Print back every record below, exactly as it stands.
*** Opening Exercise data ***
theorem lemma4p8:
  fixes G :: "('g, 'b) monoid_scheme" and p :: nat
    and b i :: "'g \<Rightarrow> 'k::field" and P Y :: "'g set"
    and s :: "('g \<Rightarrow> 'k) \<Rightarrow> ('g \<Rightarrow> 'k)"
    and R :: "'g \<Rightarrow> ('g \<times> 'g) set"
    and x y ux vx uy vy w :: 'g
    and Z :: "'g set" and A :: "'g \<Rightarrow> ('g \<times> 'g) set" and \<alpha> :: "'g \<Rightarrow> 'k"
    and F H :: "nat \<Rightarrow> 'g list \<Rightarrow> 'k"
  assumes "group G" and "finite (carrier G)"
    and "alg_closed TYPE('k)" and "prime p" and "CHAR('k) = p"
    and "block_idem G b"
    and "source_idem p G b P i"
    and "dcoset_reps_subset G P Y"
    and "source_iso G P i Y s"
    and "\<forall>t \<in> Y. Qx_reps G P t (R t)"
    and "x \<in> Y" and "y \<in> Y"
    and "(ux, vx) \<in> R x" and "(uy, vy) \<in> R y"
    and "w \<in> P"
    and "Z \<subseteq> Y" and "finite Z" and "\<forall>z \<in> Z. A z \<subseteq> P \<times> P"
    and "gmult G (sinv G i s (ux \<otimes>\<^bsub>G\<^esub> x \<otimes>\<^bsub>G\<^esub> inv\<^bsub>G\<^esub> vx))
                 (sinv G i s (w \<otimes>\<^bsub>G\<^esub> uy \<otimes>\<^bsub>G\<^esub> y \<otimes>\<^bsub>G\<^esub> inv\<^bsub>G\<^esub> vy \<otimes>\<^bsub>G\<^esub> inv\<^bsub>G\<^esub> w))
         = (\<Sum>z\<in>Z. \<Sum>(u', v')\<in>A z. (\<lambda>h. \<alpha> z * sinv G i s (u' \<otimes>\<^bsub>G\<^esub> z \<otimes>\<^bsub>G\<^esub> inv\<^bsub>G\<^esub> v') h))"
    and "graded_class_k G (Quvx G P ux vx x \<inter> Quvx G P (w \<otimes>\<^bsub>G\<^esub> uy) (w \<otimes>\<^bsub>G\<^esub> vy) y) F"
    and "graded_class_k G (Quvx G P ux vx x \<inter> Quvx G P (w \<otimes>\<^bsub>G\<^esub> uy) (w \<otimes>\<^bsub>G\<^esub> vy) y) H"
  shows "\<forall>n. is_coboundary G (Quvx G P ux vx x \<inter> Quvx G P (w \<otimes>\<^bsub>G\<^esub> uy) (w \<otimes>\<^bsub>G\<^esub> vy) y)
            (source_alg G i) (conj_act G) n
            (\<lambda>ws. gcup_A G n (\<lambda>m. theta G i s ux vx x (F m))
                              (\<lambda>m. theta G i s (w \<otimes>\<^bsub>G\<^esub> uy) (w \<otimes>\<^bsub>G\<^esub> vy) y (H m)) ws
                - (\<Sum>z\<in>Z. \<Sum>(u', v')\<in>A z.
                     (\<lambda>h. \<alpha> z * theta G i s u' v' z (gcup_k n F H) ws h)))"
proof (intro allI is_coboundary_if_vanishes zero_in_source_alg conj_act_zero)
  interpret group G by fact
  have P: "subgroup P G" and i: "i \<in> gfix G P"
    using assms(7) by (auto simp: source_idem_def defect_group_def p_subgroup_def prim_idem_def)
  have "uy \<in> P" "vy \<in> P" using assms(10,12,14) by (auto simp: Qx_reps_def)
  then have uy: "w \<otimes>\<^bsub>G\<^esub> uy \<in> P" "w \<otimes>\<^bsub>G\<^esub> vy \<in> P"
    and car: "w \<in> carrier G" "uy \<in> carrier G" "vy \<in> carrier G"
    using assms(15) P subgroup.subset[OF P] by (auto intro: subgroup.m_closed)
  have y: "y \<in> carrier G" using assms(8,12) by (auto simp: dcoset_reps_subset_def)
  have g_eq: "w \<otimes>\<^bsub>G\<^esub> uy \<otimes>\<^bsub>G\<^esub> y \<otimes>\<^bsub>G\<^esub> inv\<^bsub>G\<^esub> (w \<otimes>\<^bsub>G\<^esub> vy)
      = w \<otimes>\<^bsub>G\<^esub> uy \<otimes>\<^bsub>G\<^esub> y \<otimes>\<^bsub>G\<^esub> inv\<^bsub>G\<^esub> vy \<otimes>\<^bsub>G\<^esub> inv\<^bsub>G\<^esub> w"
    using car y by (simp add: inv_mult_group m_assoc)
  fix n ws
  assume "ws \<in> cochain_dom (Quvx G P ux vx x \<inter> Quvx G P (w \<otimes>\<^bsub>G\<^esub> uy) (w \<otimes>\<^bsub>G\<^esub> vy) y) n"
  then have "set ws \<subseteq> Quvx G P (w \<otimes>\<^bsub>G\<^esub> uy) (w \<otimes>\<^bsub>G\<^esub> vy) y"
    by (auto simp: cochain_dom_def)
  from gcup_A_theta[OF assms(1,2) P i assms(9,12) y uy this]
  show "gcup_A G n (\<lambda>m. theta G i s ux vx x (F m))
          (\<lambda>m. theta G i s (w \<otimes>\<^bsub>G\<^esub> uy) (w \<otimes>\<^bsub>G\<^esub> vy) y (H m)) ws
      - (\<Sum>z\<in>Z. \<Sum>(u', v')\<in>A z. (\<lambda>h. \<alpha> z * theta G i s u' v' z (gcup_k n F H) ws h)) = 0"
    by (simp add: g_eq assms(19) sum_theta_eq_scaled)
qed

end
*** Closing Exercise data ***
Output for this task:
theorem lemma4p8:
  fixes G :: "('g, 'b) monoid_scheme" and p :: nat
    and b i :: "'g \<Rightarrow> 'k::field" and P Y :: "'g set"
    and s :: "('g \<Rightarrow> 'k) \<Rightarrow> ('g \<Rightarrow> 'k)"
    and R :: "'g \<Rightarrow> ('g \<times> 'g) set"
    and x y ux vx uy vy w :: 'g
    and Z :: "'g set" and A :: "'g \<Rightarrow> ('g \<times> 'g) set" and \<alpha> :: "'g \<Rightarrow> 'k"
    and F H :: "nat \<Rightarrow> 'g list \<Rightarrow> 'k"
  assumes "group G" and "finite (carrier G)"
    and "alg_closed TYPE('k)" and "prime p" and "CHAR('k) = p"
    and "block_idem G b"
    and "source_idem p G b P i"
    and "dcoset_reps_subset G P Y"
    and "source_iso G P i Y s"
    and "\<forall>t \<in> Y. Qx_reps G P t (R t)"
    and "x \<in> Y" and "y \<in> Y"
    and "(ux, vx) \<in> R x" and "(uy, vy) \<in> R y"
    and "w \<in> P"
    and "Z \<subseteq> Y" and "finite Z" and "\<forall>z \<in> Z. A z \<subseteq> P \<times> P"
    and "gmult G (sinv G i s (ux \<otimes>\<^bsub>G\<^esub> x \<otimes>\<^bsub>G\<^esub> inv\<^bsub>G\<^esub> vx))
                 (sinv G i s (w \<otimes>\<^bsub>G\<^esub> uy \<otimes>\<^bsub>G\<^esub> y \<otimes>\<^bsub>G\<^esub> inv\<^bsub>G\<^esub> vy \<otimes>\<^bsub>G\<^esub> inv\<^bsub>G\<^esub> w))
         = (\<Sum>z\<in>Z. \<Sum>(u', v')\<in>A z. (\<lambda>h. \<alpha> z * sinv G i s (u' \<otimes>\<^bsub>G\<^esub> z \<otimes>\<^bsub>G\<^esub> inv\<^bsub>G\<^esub> v') h))"
    and "graded_class_k G (Quvx G P ux vx x \<inter> Quvx G P (w \<otimes>\<^bsub>G\<^esub> uy) (w \<otimes>\<^bsub>G\<^esub> vy) y) F"
    and "graded_class_k G (Quvx G P ux vx x \<inter> Quvx G P (w \<otimes>\<^bsub>G\<^esub> uy) (w \<otimes>\<^bsub>G\<^esub> vy) y) H"
  shows "\<forall>n. is_coboundary G (Quvx G P ux vx x \<inter> Quvx G P (w \<otimes>\<^bsub>G\<^esub> uy) (w \<otimes>\<^bsub>G\<^esub> vy) y)
            (source_alg G i) (conj_act G) n
            (\<lambda>ws. gcup_A G n (\<lambda>m. theta G i s ux vx x (F m))
                              (\<lambda>m. theta G i s (w \<otimes>\<^bsub>G\<^esub> uy) (w \<otimes>\<^bsub>G\<^esub> vy) y (H m)) ws
                - (\<Sum>z\<in>Z. \<Sum>(u', v')\<in>A z.
                     (\<lambda>h. \<alpha> z * theta G i s u' v' z (gcup_k n F H) ws h)))"
proof (intro allI is_coboundary_if_vanishes zero_in_source_alg conj_act_zero)
  interpret group G by fact
  have P: "subgroup P G" and i: "i \<in> gfix G P"
    using assms(7) by (auto simp: source_idem_def defect_group_def p_subgroup_def prim_idem_def)
  have "uy \<in> P" "vy \<in> P" using assms(10,12,14) by (auto simp: Qx_reps_def)
  then have uy: "w \<otimes>\<^bsub>G\<^esub> uy \<in> P" "w \<otimes>\<^bsub>G\<^esub> vy \<in> P"
    and car: "w \<in> carrier G" "uy \<in> carrier G" "vy \<in> carrier G"
    using assms(15) P subgroup.subset[OF P] by (auto intro: subgroup.m_closed)
  have y: "y \<in> carrier G" using assms(8,12) by (auto simp: dcoset_reps_subset_def)
  have g_eq: "w \<otimes>\<^bsub>G\<^esub> uy \<otimes>\<^bsub>G\<^esub> y \<otimes>\<^bsub>G\<^esub> inv\<^bsub>G\<^esub> (w \<otimes>\<^bsub>G\<^esub> vy)
      = w \<otimes>\<^bsub>G\<^esub> uy \<otimes>\<^bsub>G\<^esub> y \<otimes>\<^bsub>G\<^esub> inv\<^bsub>G\<^esub> vy \<otimes>\<^bsub>G\<^esub> inv\<^bsub>G\<^esub> w"
    using car y by (simp add: inv_mult_group m_assoc)
  fix n ws
  assume "ws \<in> cochain_dom (Quvx G P ux vx x \<inter> Quvx G P (w \<otimes>\<^bsub>G\<^esub> uy) (w \<otimes>\<^bsub>G\<^esub> vy) y) n"
  then have "set ws \<subseteq> Quvx G P (w \<otimes>\<^bsub>G\<^esub> uy) (w \<otimes>\<^bsub>G\<^esub> vy) y"
    by (auto simp: cochain_dom_def)
  from gcup_A_theta[OF assms(1,2) P i assms(9,12) y uy this]
  show "gcup_A G n (\<lambda>m. theta G i s ux vx x (F m))
          (\<lambda>m. theta G i s (w \<otimes>\<^bsub>G\<^esub> uy) (w \<otimes>\<^bsub>G\<^esub> vy) y (H m)) ws
      - (\<Sum>z\<in>Z. \<Sum>(u', v')\<in>A z. (\<lambda>h. \<alpha> z * theta G i s u' v' z (gcup_k n F H) ws h)) = 0"
    by (simp add: g_eq assms(19) sum_theta_eq_scaled)
qed

end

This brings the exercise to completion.